Red Rider chronology
|  | Don't Fight It (1979) | As Far as Siam (1981) |

Singles from Don't Fight It
- "White Hot" Released: 1980; "Don't Fight It" Released: 1980;

= Don't Fight It (album) =

Don't Fight It is the debut album by Canadian rock band Red Rider, released in 1979 in Canada. Don't Fight It sold more than 100,000 copies in Canada and earned Cochrane and Red Rider their first gold album certification award and was later certified platinum. A United States version with a modified track list, dropping "Talkin' to Myself" and reordering the other tracks, was released in 1980.
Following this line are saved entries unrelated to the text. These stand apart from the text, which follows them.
lemma steps_split:
  "(a, f, b) \<in> set (steps v xs) \<Longrightarrow> \<exists>ys zs. xs = ys @ (f, b) # zs \<and> last (v # map snd ys) = a"
proof (induction v xs rule: steps.induct)
  case (2 v g u xs)
  show ?case
  proof (cases "(a, f, b) = (v, g, u)")
    case True
    then show ?thesis by (intro exI[of _ "[]"] exI[of _ xs]) auto
  next
    case False
    with 2 obtain ys zs where "xs = ys @ (f, b) # zs" "last (u # map snd ys) = a" by auto
    then show ?thesis by (intro exI[of _ "(g, u) # ys"] exI[of _ zs]) auto
  qed
qed simp

lemma steps_map_apfst: "steps v (map (apfst \<sigma>) xs) = map (\<lambda>(a, f, b). (a, \<sigma> f, b)) (steps v xs)"
  by (induction v xs rule: steps.induct) auto
text \<open>Law of an array with independent rows, row m being a (time-homogeneous) Markov chain
  with initial distribution mu m and transition matrix P m:
  Pr(X = x) = prod_m mu_m(x_{m,0}) prod_{t=1..T} P_m(x_{m,t-1}, x_{m,t}).\<close>

definition array_law :: "(nat \<Rightarrow> 'a \<Rightarrow> real) \<Rightarrow> (nat \<Rightarrow> 'a \<Rightarrow> 'a \<Rightarrow> real) \<Rightarrow> nat \<Rightarrow> nat
    \<Rightarrow> (nat \<times> nat \<Rightarrow> 'a) \<Rightarrow> real" where
  "array_law mu P M T x =
     (\<Prod>m\<in>{1..M}. mu m (x (m, 0)) * (\<Prod>t\<in>{1..T}. P m (x (m, t - 1)) (x (m, t))))"

definition array_prob :: "(nat \<Rightarrow> 'a \<Rightarrow> real) \<Rightarrow> (nat \<Rightarrow> 'a \<Rightarrow> 'a \<Rightarrow> real) \<Rightarrow> nat \<Rightarrow> nat
    \<Rightarrow> ((nat \<times> nat \<Rightarrow> 'a) \<Rightarrow> bool) \<Rightarrow> real" where
  "array_prob mu P M T E = (\<Sum>x\<in>arrays M T. if E x then array_law mu P M T x else 0)"

definition Nmi :: "nat \<Rightarrow> (nat \<times> nat \<Rightarrow> 'a) \<Rightarrow> nat \<Rightarrow> 'a \<Rightarrow> real" where
  "Nmi T x m i = real (card {t\<in>{1..T}. x (m, t - 1) = i})"

definition Ni :: "nat \<Rightarrow> nat \<Rightarrow> (nat \<times> nat \<Rightarrow> 'a) \<Rightarrow> 'a \<Rightarrow> real" where
  "Ni M T x i = (\<Sum>m\<in>{1..M}. Nmi T x m i)"

definition Nij :: "nat \<Rightarrow> nat \<Rightarrow> (nat \<times> nat \<Rightarrow> 'a) \<Rightarrow> 'a \<Rightarrow> 'a \<Rightarrow> real" where
  "Nij M T x i j = real (card {(m, t). m \<in> {1..M} \<and> t \<in> {1..T} \<and> x (m, t - 1) = i \<and> x (m, t) = j})"

definition Phat :: "nat \<Rightarrow> nat \<Rightarrow> (nat \<times> nat \<Rightarrow> 'a::finite) \<Rightarrow> 'a \<Rightarrow> 'a \<Rightarrow> real" where
  "Phat M T x i j = (if Ni M T x i > 0 then Nij M T x i j / Ni M T x i else 1 / real (card (UNIV::'a set)))"

definition Ptilde :: "(nat \<Rightarrow> 'a \<Rightarrow> 'a \<Rightarrow> real) \<Rightarrow> nat \<Rightarrow> nat \<Rightarrow> (nat \<times> nat \<Rightarrow> 'a::finite)
    \<Rightarrow> 'a \<Rightarrow> 'a \<Rightarrow> real" where
  "Ptilde P M T x i j = (if Ni M T x i > 0
      then (\<Sum>m\<in>{1..M}. Nmi T x m i / Ni M T x i * P m i j)
      else 1 / real (card (UNIV::'a set)))"

end

theory Submission
  imports Defs "HOL-Probability.Hoeffding"
begin
theorem lemma2:
  fixes m \<mu> :: nat and v :: "nat \<Rightarrow> 'a::{field,finite}"
    and r :: "nat \<Rightarrow> 'a" and f :: "'a poly"
  assumes char2: "(2::'a) = 0"
    and card: "card (UNIV :: 'a set) = 2 ^ m"
    and basis: "is_GF2_basis m v"
    and f_deg: "degree f < 2 ^ m"
    and f_interp: "\<forall>j<2 ^ m. poly f (omega m v j) = r j"
    and mu: "\<mu> \<le> m"
  shows "let S1 = (\<Sum>j<2 ^ m. smult (r j)
                 ((subspace_poly m v \<mu> - [:poly (subspace_poly m v \<mu>) (omega m v j):])
                   div [:- omega m v j, 1:]));
             X = Xpoly m v (2 ^ m - 2 ^ \<mu>)
         in f div X = S1 \<and>
            (\<exists>\<eta>. f = S1 * X + \<eta> \<and> (\<eta> = 0 \<or> degree \<eta> < 2 ^ m - 2 ^ \<mu>))"
proof -
  interpret GF2_basis m v
    using char2 card basis by unfold_locales
  define X where "X = (\<Prod>i\<in>{\<mu>..<m}. subspace_poly m v i)"
  define Q where "Q j = (subspace_poly m v \<mu> - [:poly (subspace_poly m v \<mu>) (omega m v j):])
    div [:- omega m v j, 1:]" for j
  define S1 where "S1 = (\<Sum>j<2 ^ m. smult (r j) (Q j))"
  have "f = (\<Sum>j<2 ^ m. smult (r j) (lagrange_poly j))"
    using interpolation[OF f_deg] f_interp by simp
  then have "f - S1 * X = (\<Sum>j<2 ^ m. smult (r j) (lagrange_poly j - Q j * X))"
    by (simp add: S1_def sum_distrib_right smult_diff_right sum_subtractf)
  also have "\<dots> = 0 \<or> degree \<dots> < degree X"
    using lagrange_poly_minus_quotient[OF _ mu] degree_prod_subspace_poly[OF mu, of v]
    by (intro sum_eq_0_or_degree_less) (auto simp: X_def Q_def)
  finally have remainder: "f - S1 * X = 0 \<or> degree (f - S1 * X) < degree X" .
  have "X \<noteq> 0"
    by (simp add: X_def)
  then have "f div X = S1"
    using remainder by (rule poly_div_eqI)
  then show ?thesis
    unfolding Let_def Xpoly_exp_diff_exp[OF mu] X_def[symmetric] S1_def[symmetric] Q_def[symmetric]
    using remainder degree_prod_subspace_poly[OF mu, of v]
    by (intro conjI exI[of _ "f - S1 * X"]) (auto simp: X_def)
qed
lemma quintic_two_double_roots_real:
  fixes A B E :: complex
  assumes f: "[:of_real t, of_real s, of_real r, of_real q, of_real p, 1:] = [:-E,1:] * [:-A,1:]^2 * [:-B,1:]^2"
    and L2: "L2 p q r s t \<noteq> 0" and D2: "D2 p q r s t > 0"
  obtains a b e :: real where "a < b" "quintic p q r s t = [:-e,1:] * [:-a,1:]^2 * [:-b,1:]^2"
proof -
  let ?l = "L2 p q r s t"
  define K where "K = 4 * ((A - B) * (A - E) * (B - E))^2"
  note inv = two_double_roots_invariants[OF f, folded of_real_invariants K_def]
  have "K \<noteq> 0" using L2 inv(1) by auto
  have E: "E = of_real (C3 p q r s t / ?l)"
    using \<open>K \<noteq> 0\<close> by (simp add: inv)
  have sum: "A + B = of_real (2 * C21 p q r s t / ?l)"
    using \<open>K \<noteq> 0\<close> by (simp add: inv)
  have sq: "(A - B)^2 = of_real (4 * D2 p q r s t / ?l^2)"
    using \<open>K \<noteq> 0\<close> by (simp add: inv)
  have "A - B \<in> \<real>"
    using complex_Reals_if_square_pos[OF sq] L2 D2 by simp
  moreover have "A + B \<in> \<real>" by (simp add: sum)
  ultimately have "A \<in> \<real>" "B \<in> \<real>" by (auto simp: complex_is_Real_iff)
  then obtain a b e where abe: "A = of_real a" "B = of_real b" "E = of_real e"
    using E by (metis Reals_cases)
  have "a \<noteq> b" using sq L2 D2 by (auto simp: abe)
  have "([:of_real t, of_real s, of_real r, of_real q, of_real p, 1:] :: complex poly) =
      [:-of_real e,1:] * [:-of_real a,1:] * [:-of_real a,1:] * [:-of_real b,1:] * [:-of_real b,1:]"
    using f by (simp only: abe power2_eq_square mult.assoc)
  then have "[:t, s, r, q, p, 1:] = [:-e,1:] * [:-a,1:] * [:-a,1:] * [:-b,1:] * [:-b,1:]"
    by (simp only: of_real_monic_quintic_factorization_iff)
  then have "quintic p q r s t = [:-e,1:] * [:-a,1:]^2 * [:-b,1:]^2"
    by (simp only: quintic_def power2_eq_square mult.assoc)
  then show ?thesis
    using \<open>a \<noteq> b\<close> that[of a b e] that[of b a e] by (metis linorder_neqE mult.commute mult.assoc)
qed

lemma quintic_two_real_double_roots:
  assumes "disc5 p q r s t = 0" and "L1 p q r s t = 0"
    and "L2 p q r s t \<noteq> 0" and "D2 p q r s t > 0"
  obtains a b e :: real where "a < b" "quintic p q r s t = [:-e,1:] * [:-a,1:]^2 * [:-b,1:]^2"
proof -
  obtain a b c e :: complex where
    "[:of_real t, of_real s, of_real r, of_real q, of_real p, 1:] = [:-a,1:]^2 * [:-b,1:] * [:-c,1:] * [:-e,1:]"
    using disc5_zero_double_root[OF assms(1)] .
  moreover have "L1_gen (of_real p) (of_real q) (of_real r) (of_real s) (of_real t) = (0 :: complex)"
    and "D2_gen (of_real p) (of_real q) (of_real r) (of_real s) (of_real t) \<noteq> (0 :: complex)"
    using assms(2,4) by (simp_all flip: of_real_invariants)
  ultimately obtain E A B :: complex where
    "[:of_real t, of_real s, of_real r, of_real q, of_real p, 1:] = [:-E,1:] * [:-A,1:]^2 * [:-B,1:]^2"
    by (rule two_double_roots_if_L1_eq_0)
  then show ?thesis using assms(3,4) that by (rule quintic_two_double_roots_real)
qed

theorem mainTheorem11:
  fixes p q r s t :: real
  assumes "disc5 p q r s t = 0"
    and "L1 p q r s t = 0"
    and "L2 p q r s t \<noteq> 0"
    and "D2 p q r s t > 0"
  shows "let f = quintic p q r s t; l = L2 p q r s t; c21 = C21 p q r s t;
             c20 = C20 p q r s t; c3 = C3 p q r s t; c = c3 / l;
             F4 = c3^2 / l^2 + c20 / l - 2 * c3 * c21 / l^2;
             F5 = (2 * c3 - 2 * c21) / l
         in \<exists>a b. a < b \<and> c \<noteq> a \<and> c \<noteq> b \<and>
              f = [:- c, 1:] * [:- a, 1:]^2 * [:- b, 1:]^2 \<and>
              (\<forall>x. l * x^2 - 2 * c21 * x + c20 = 0 \<longleftrightarrow> x = a \<or> x = b) \<and>
              (F4 > 0 \<and> F5 < 0 \<longrightarrow> c < a) \<and>
              (F4 < 0 \<longrightarrow> a < c \<and> c < b) \<and>
              (F4 > 0 \<and> F5 > 0 \<longrightarrow> b < c)"
proof -
  obtain a b e where "a < b" and f: "quintic p q r s t = [:-e,1:] * [:-a,1:]^2 * [:-b,1:]^2"
    using quintic_two_real_double_roots[OF assms] .
  define K where "K = 4 * ((a - b) * (a - e) * (b - e))^2"
  note inv = two_double_roots_invariants[OF f[unfolded quintic_def],
      folded of_real_invariants[where 'a=real, unfolded of_real_eq_id id_def] K_def]
  have "K \<noteq> 0" using assms(3) inv(1) by simp
  then have "e \<noteq> a" "e \<noteq> b" by (auto simp: K_def)
  have c: "C3 p q r s t / L2 p q r s t = e" using \<open>K \<noteq> 0\<close> by (simp add: inv)
  have quad: "L2 p q r s t * x^2 - 2 * C21 p q r s t * x + C20 p q r s t = K * ((x - a) * (x - b))" for x
    by (simp add: inv algebra_simps power2_eq_square)
  have F4: "(C3 p q r s t)^2 / (L2 p q r s t)^2 + C20 p q r s t / L2 p q r s t
      - 2 * C3 p q r s t * C21 p q r s t / (L2 p q r s t)^2 = (e - a) * (e - b)"
    using \<open>K \<noteq> 0\<close> by (simp add: inv field_simps power2_eq_square)
  have F5: "(2 * C3 p q r s t - 2 * C21 p q r s t) / L2 p q r s t = (e - a) + (e - b)"
    using \<open>K \<noteq> 0\<close> by (simp add: inv field_simps)
  show ?thesis
    unfolding Let_def c F4 F5
    using \<open>a < b\<close> \<open>e \<noteq> a\<close> \<open>e \<noteq> b\<close> \<open>K \<noteq> 0\<close> f quad
    by (intro exI[of _ a] exI[of _ b]) (auto simp: zero_less_mult_iff mult_less_0_iff)
qed

end
(* Let $\mathfrak n=W\oplus\mathfrak z$ be a finite-dimensional 2-step nilpotent Lie algebra over a field of characteristic zero, with basis $z_1,\dots,z_m$ of the center $\mathfrak z$ and $T_i$ as below. Suppose given: (a) a linear map $\delta_{\mathfrak z}:\mathfrak z\to\Lambda^2\mathfrak z$ satisfying co-Jacobi; write $\delta_{\mathfrak z}(z_i)=\sum_{a<b}c_i^{ab}z_a\wedge z_b$; (b) linear maps $D^1,\dots,D^m:W\to W$ with $[D^a,D^b]=\sum_ic_i^{ab}D^i$ for all $a<b$, and such that for all $x,y\in W$ $$\sum_iT_i(x)(y)\,\delta_{\mathfrak z}(z_i)=\sum_{i,j}\big(T_i(D^jx)(y)+T_i(x)(D^jy)\big)z_i\wedge z_j;$$ (c) a linear map $\varphi:W\to\Lambda^2\mathfrak z$, $\varphi(v)=\sum_{a<b}\varphi_{ab}(v)z_a\wedge z_b$, such that for all $v\in W$ $$\sum_i\varphi(D^iv)\wedge z_i+\sum_{a<b}\varphi_{ab}(v)\big(\delta_{\mathfrak z}(z_a)\wedge z_b-z_a\wedge\delta_{\mathfrak z}(z_b)\big)=0\in\Lambda^3\mathfrak z.$$ Then the linear map $\delta:\mathfrak n\to\Lambda^2\mathfrak n$ given by $\delta(z)=\delta_{\mathfrak z}(z)$ for $z\in\mathfrak z$ and $\delta(v)=\sum_iD^i(v)\wedge z_i+\varphi(v)$ for $v\in W$ is a Lie bialgebra structure on $\mathfrak n$.
   Context: $W$ is a linear complement of $\mathfrak z$; $T_i:W\to W^*$ is defined by $[v,w]=\sum_iT_i(v)(w)z_i$. A Lie bialgebra structure is a linear $\delta:\mathfrak n\to\Lambda^2\mathfrak n$ satisfying co-Jacobi ($\delta(x_1)\wedge x_2-x_1\wedge\delta(x_2)=0$ in $\Lambda^3$, Sweedler notation $\delta(x)=x_1\wedge x_2$) and the 1-cocycle condition $\delta[x,y]=[\delta x,y]+[x,\delta y]$. (In the paper, condition (b) on the commutators is phrased as: $f\mapsto-\sum_if(z_i)D^i$ is a Lie algebra map $\mathfrak z^*\to\mathrm{End}(W)$ for the bracket dual to $\delta_{\mathfrak z}$; condition (c) as: the transpose $\Lambda^2\mathfrak z^*\to W^*$ of $\varphi$ is a 2-cocycle with values in $W^*$.) *)

theory Defs
  imports Main
begin

text \<open>A vector space with finite basis indexed by type 'i is modelled as 'i => 'a.
  Lambda^2 is modelled by alternating 2-tensors 'i => 'i => 'a, Lambda^3 by
  alternating 3-tensors, with x wedge y = x (x) y - y (x) x, so that
  sum_{p<q} w p q e_p wedge e_q = w for alternating w.\<close>

definition basis_vec :: "'i \<Rightarrow> 'i \<Rightarrow> 'a::{zero,one}" where
  "basis_vec k = (\<lambda>j. if j = k then 1 else 0)"

definition alt2 :: "('i \<Rightarrow> 'i \<Rightarrow> 'a::comm_ring) \<Rightarrow> bool" where
  "alt2 w \<longleftrightarrow> (\<forall>p q. w p q = - w q p)"

definition wedge11 :: "('i \<Rightarrow> 'a::comm_ring) \<Rightarrow> ('i \<Rightarrow> 'a) \<Rightarrow> 'i \<Rightarrow> 'i \<Rightarrow> 'a" where
  "wedge11 x y = (\<lambda>p q. x p * y q - x q * y p)"

definition wedge21 :: "('i \<Rightarrow> 'i \<Rightarrow> 'a::comm_ring) \<Rightarrow> ('i \<Rightarrow> 'a) \<Rightarrow> 'i \<Rightarrow> 'i \<Rightarrow> 'i \<Rightarrow> 'a" where
  "wedge21 w x = (\<lambda>p q r. w p q * x r + w q r * x p + w r p * x q)"

definition wedge12 :: "('i \<Rightarrow> 'a::comm_ring) \<Rightarrow> ('i \<Rightarrow> 'i \<Rightarrow> 'a) \<Rightarrow> 'i \<Rightarrow> 'i \<Rightarrow> 'i \<Rightarrow> 'a" where
  "wedge12 x w = (\<lambda>p q r. x p * w q r + x q * w r p + x r * w p q)"

text \<open>Co-Jacobi expression delta(x_1) wedge x_2 - x_1 wedge delta(x_2) in Sweedler notation:
  delta x = sum_{s,t} (delta x s t / 2) e_s wedge e_t.\<close>
definition cojac :: "(('i::finite \<Rightarrow> 'a::field) \<Rightarrow> 'i \<Rightarrow> 'i \<Rightarrow> 'a) \<Rightarrow> ('i \<Rightarrow> 'a) \<Rightarrow> 'i \<Rightarrow> 'i \<Rightarrow> 'i \<Rightarrow> 'a" where
  "cojac \<delta> x = (\<lambda>p q r. \<Sum>s\<in>UNIV. \<Sum>t\<in>UNIV. (\<delta> x s t / 2) *
      (wedge21 (\<delta> (basis_vec s)) (basis_vec t) p q r - wedge12 (basis_vec s) (\<delta> (basis_vec t)) p q r))"

text \<open>Extension of a linear map L (given as a function) to Lambda^2 as a derivation:
  L(a wedge b) = L a wedge b + a wedge L b.\<close>
definition ext2 :: "(('i::finite \<Rightarrow> 'a::comm_ring_1) \<Rightarrow> ('i \<Rightarrow> 'a)) \<Rightarrow> ('i \<Rightarrow> 'i \<Rightarrow> 'a) \<Rightarrow> 'i \<Rightarrow> 'i \<Rightarrow> 'a" where
  "ext2 L w = (\<lambda>r s. (\<Sum>p\<in>UNIV. L (basis_vec p) r * w p s) + (\<Sum>q\<in>UNIV. L (basis_vec q) s * w r q))"

definition lie_bialgebra ::
  "(('i::finite \<Rightarrow> 'a::field) \<Rightarrow> ('i \<Rightarrow> 'a) \<Rightarrow> ('i \<Rightarrow> 'a)) \<Rightarrow> (('i \<Rightarrow> 'a) \<Rightarrow> 'i \<Rightarrow> 'i \<Rightarrow> 'a) \<Rightarrow> bool" where
  "lie_bialgebra br \<delta> \<longleftrightarrow>
     (\<forall>x y. \<delta> (\<lambda>k. x k + y k) = (\<lambda>p q. \<delta> x p q + \<delta> y p q)) \<and>
     (\<forall>c x. \<delta> (\<lambda>k. c * x k) = (\<lambda>p q. c * \<delta> x p q)) \<and>
     (\<forall>x. alt2 (\<delta> x)) \<and>
     (\<forall>x. cojac \<delta> x = (\<lambda>p q r. 0)) \<and>
     (\<forall>x y. \<delta> (br x y) = (\<lambda>r s. ext2 (\<lambda>u. br u y) (\<delta> x) r s + ext2 (\<lambda>u. br x u) (\<delta> y) r s))"

text \<open>T i p q : matrix of the bilinear form T_i on W; T_i(v)(w) = Tf T i v w.\<close>
definition Tf :: "('z \<Rightarrow> 'w::finite \<Rightarrow> 'w \<Rightarrow> 'a::comm_ring) \<Rightarrow> 'z \<Rightarrow> ('w \<Rightarrow> 'a) \<Rightarrow> ('w \<Rightarrow> 'a) \<Rightarrow> 'a" where
  "Tf T i v w = (\<Sum>p\<in>UNIV. \<Sum>q\<in>UNIV. v p * w q * T i p q)"

text \<open>D j p q : matrix of D^j : W -> W.\<close>
definition Dap :: "('z \<Rightarrow> 'w::finite \<Rightarrow> 'w \<Rightarrow> 'a::comm_ring) \<Rightarrow> 'z \<Rightarrow> ('w \<Rightarrow> 'a) \<Rightarrow> 'w \<Rightarrow> 'a" where
  "Dap D j v = (\<lambda>p. \<Sum>q\<in>UNIV. D j p q * v q)"

definition Wpart :: "('w + 'z \<Rightarrow> 'a) \<Rightarrow> 'w \<Rightarrow> 'a" where
  "Wpart x = (\<lambda>p. x (Inl p))"

definition Zpart :: "('w + 'z \<Rightarrow> 'a) \<Rightarrow> 'z \<Rightarrow> 'a" where
  "Zpart x = (\<lambda>i. x (Inr i))"

definition embW :: "('w \<Rightarrow> 'a::zero) \<Rightarrow> 'w + 'z \<Rightarrow> 'a" where
  "embW v = (\<lambda>k. case k of Inl p \<Rightarrow> v p | Inr _ \<Rightarrow> 0)"

definition embZ2 :: "('z \<Rightarrow> 'z \<Rightarrow> 'a::zero) \<Rightarrow> 'w + 'z \<Rightarrow> 'w + 'z \<Rightarrow> 'a" where
  "embZ2 w = (\<lambda>r s. case (r, s) of (Inr a, Inr b) \<Rightarrow> w a b | _ \<Rightarrow> 0)"

definition linext2 :: "('i \<Rightarrow> 'j \<Rightarrow> 'j \<Rightarrow> 'a::comm_ring) \<Rightarrow> ('i::finite \<Rightarrow> 'a) \<Rightarrow> 'j \<Rightarrow> 'j \<Rightarrow> 'a" where
  "linext2 f x = (\<lambda>a b. \<Sum>k\<in>UNIV. x k * f k a b)"

definition nbr :: "('z::finite \<Rightarrow> 'w::finite \<Rightarrow> 'w \<Rightarrow> 'a::comm_ring) \<Rightarrow> ('w + 'z \<Rightarrow> 'a) \<Rightarrow> ('w + 'z \<Rightarrow> 'a) \<Rightarrow> 'w + 'z \<Rightarrow> 'a" where
  "nbr T x y = (\<lambda>k. case k of Inl _ \<Rightarrow> 0 | Inr i \<Rightarrow> Tf T i (Wpart x) (Wpart y))"

definition delta_n ::
  "('z::finite \<Rightarrow> 'z \<Rightarrow> 'z \<Rightarrow> 'a::comm_ring_1) \<Rightarrow> ('z \<Rightarrow> 'w::finite \<Rightarrow> 'w \<Rightarrow> 'a) \<Rightarrow> ('w \<Rightarrow> 'z \<Rightarrow> 'z \<Rightarrow> 'a)
    \<Rightarrow> ('w + 'z \<Rightarrow> 'a) \<Rightarrow> 'w + 'z \<Rightarrow> 'w + 'z \<Rightarrow> 'a" where
  "delta_n dz D phi x = (\<lambda>r s.
      embZ2 (linext2 dz (Zpart x)) r s
    + (\<Sum>i\<in>UNIV. wedge11 (embW (Dap D i (Wpart x))) (basis_vec (Inr i)) r s)
    + embZ2 (linext2 phi (Wpart x)) r s)"

end

theory Submission
  imports Defs
begin

text \<open>Since \<open>\<delta>\<close> has no
  \<open>W \<wedge> W\<close> component, the co-Jacobi tensor of \<open>\<delta>(x)\<close> can only be nonzero on \<open>W \<wedge> z \<wedge> z\<close>, where it is
  the commutator relation \<open>[D\<^sup>a, D\<^sup>b] = \<Sum>\<^sub>i c\<^sub>i\<^sup>a\<^sup>b D\<^sup>i\<close>, and on \<open>z \<wedge> z \<wedge> z\<close>, where it splits into
  co-Jacobi for \<open>\<delta>\<^sub>z\<close> applied to the \<open>z\<close>-part of \<open>x\<close> plus condition (c) applied to its \<open>W\<close>-part.
  Since brackets land in the centre, the cocycle condition only has a \<open>z \<wedge> z\<close> component, and this
  is the compatibility of the \<open>D\<^sup>j\<close> with the forms \<open>T\<^sub>i\<close> assumed in (b).\<close>

lemma sum_UNIV_Plus:
  "(\<Sum>s\<in>UNIV. g s) = (\<Sum>p\<in>UNIV. g (Inl p)) + (\<Sum>i\<in>UNIV. g (Inr i))"
  for g :: "'w::finite + 'z::finite \<Rightarrow> 'a::comm_monoid_add"
  by (subst UNIV_Plus_UNIV[symmetric], subst sum.Plus) (auto simp: o_def)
The album was re-issued on CD July 29, 1994. The CD release restored the track "Talkin' to Myself" which was dropped on the initial vinyl release in the United States. Another newly remastered version was released in the UK in 2010 by Lemon Records.

The album reached number 146 on Billboards Pop Albums chart while "White Hot" reached number 20 on the Canadian charts and number 48 on the Pop Singles chart in 1980 and "Don't Fight It" reached number 75.

The song "White Hot" is about poet Arthur Rimbaud and his travels through Africa. It also has a cult following on YouTube.

Professional ratings
Review scores
| Source | Rating |
| AllMusic | Star |

==Track listing==

| No. | Title | Writer(s) | Lead vocals | Length |
|---|---|---|---|---|
| 1. | "Don't Fight It" |  |  | 4:25 |
| 2. | "How's My Little Girl Tonight" |  |  | 4:05 |
| 3. | "Iron in the Soul" |  |  | 3:00 |
| 4. | "Make Myself Complete" |  |  | 3:40 |
| 5. | "Good News" | Peter Boynton | Boynton | 3:59 |
| 6. | "White Hot" | Cochrane, Ken Greer |  | 5:07 |
| 7. | "Talkin' to Myself" | Boynton | Boynton | 3:39 |
| 8. | "Just the Way It Goes" | Cochrane, Greer |  | 3:46 |
| 9. | "Look Out Again" | Boynton, Cochrane | Boynton | 3:47 |
| 10. | "Avenue 'A'" |  |  | 3:23 |

==Personnel==
Personnel taken from Don't Fight It liner notes.

Red Rider
- Tom Cochrane - lead and backing vocals, guitars
- Ken Greer - lead guitars, backing vocals, keyboards
- Peter Boynton - lead and backing vocals, keyboards
- Jeff Jones - bass, backing vocals
- Rob Baker - drums, percussion

Additional musicians
- Bill Payne – synthesizer on "Good News"
- Bobbye Hall – percussion on "Good News" and "Look Out Again"
- Raphael Ravenscroft – soprano saxophone on "White Hot"

Technical personnel
- Michael James Jackson – producer
- Jim Isaacson – engineer
- Toby Scott – engineer
- Gary Gray – engineer
- Ken Friesen – engineer
- Fraser Hill – assistant engineer
- David Taylor – assistant engineer
- Richard McKernan – assistant engineer
- Michael Edward Jackson – assistant engineer
- Carl Wiesen – album art
- J. Zugec – album art
- Denise Grant – photography
- Dave Elliot – art direction

==Charts==

| Chart (1980) | Peak position |
|---|---|
| Canada Top Albums/CDs (RPM) | 20 |
| US Billboard 200 | 146 |

==Certifications==

| Region | Certification | Certified units/sales |
| Canada (Music Canada) | Platinum | 100,000^{^} |
^{^} Shipments figures based on certification alone.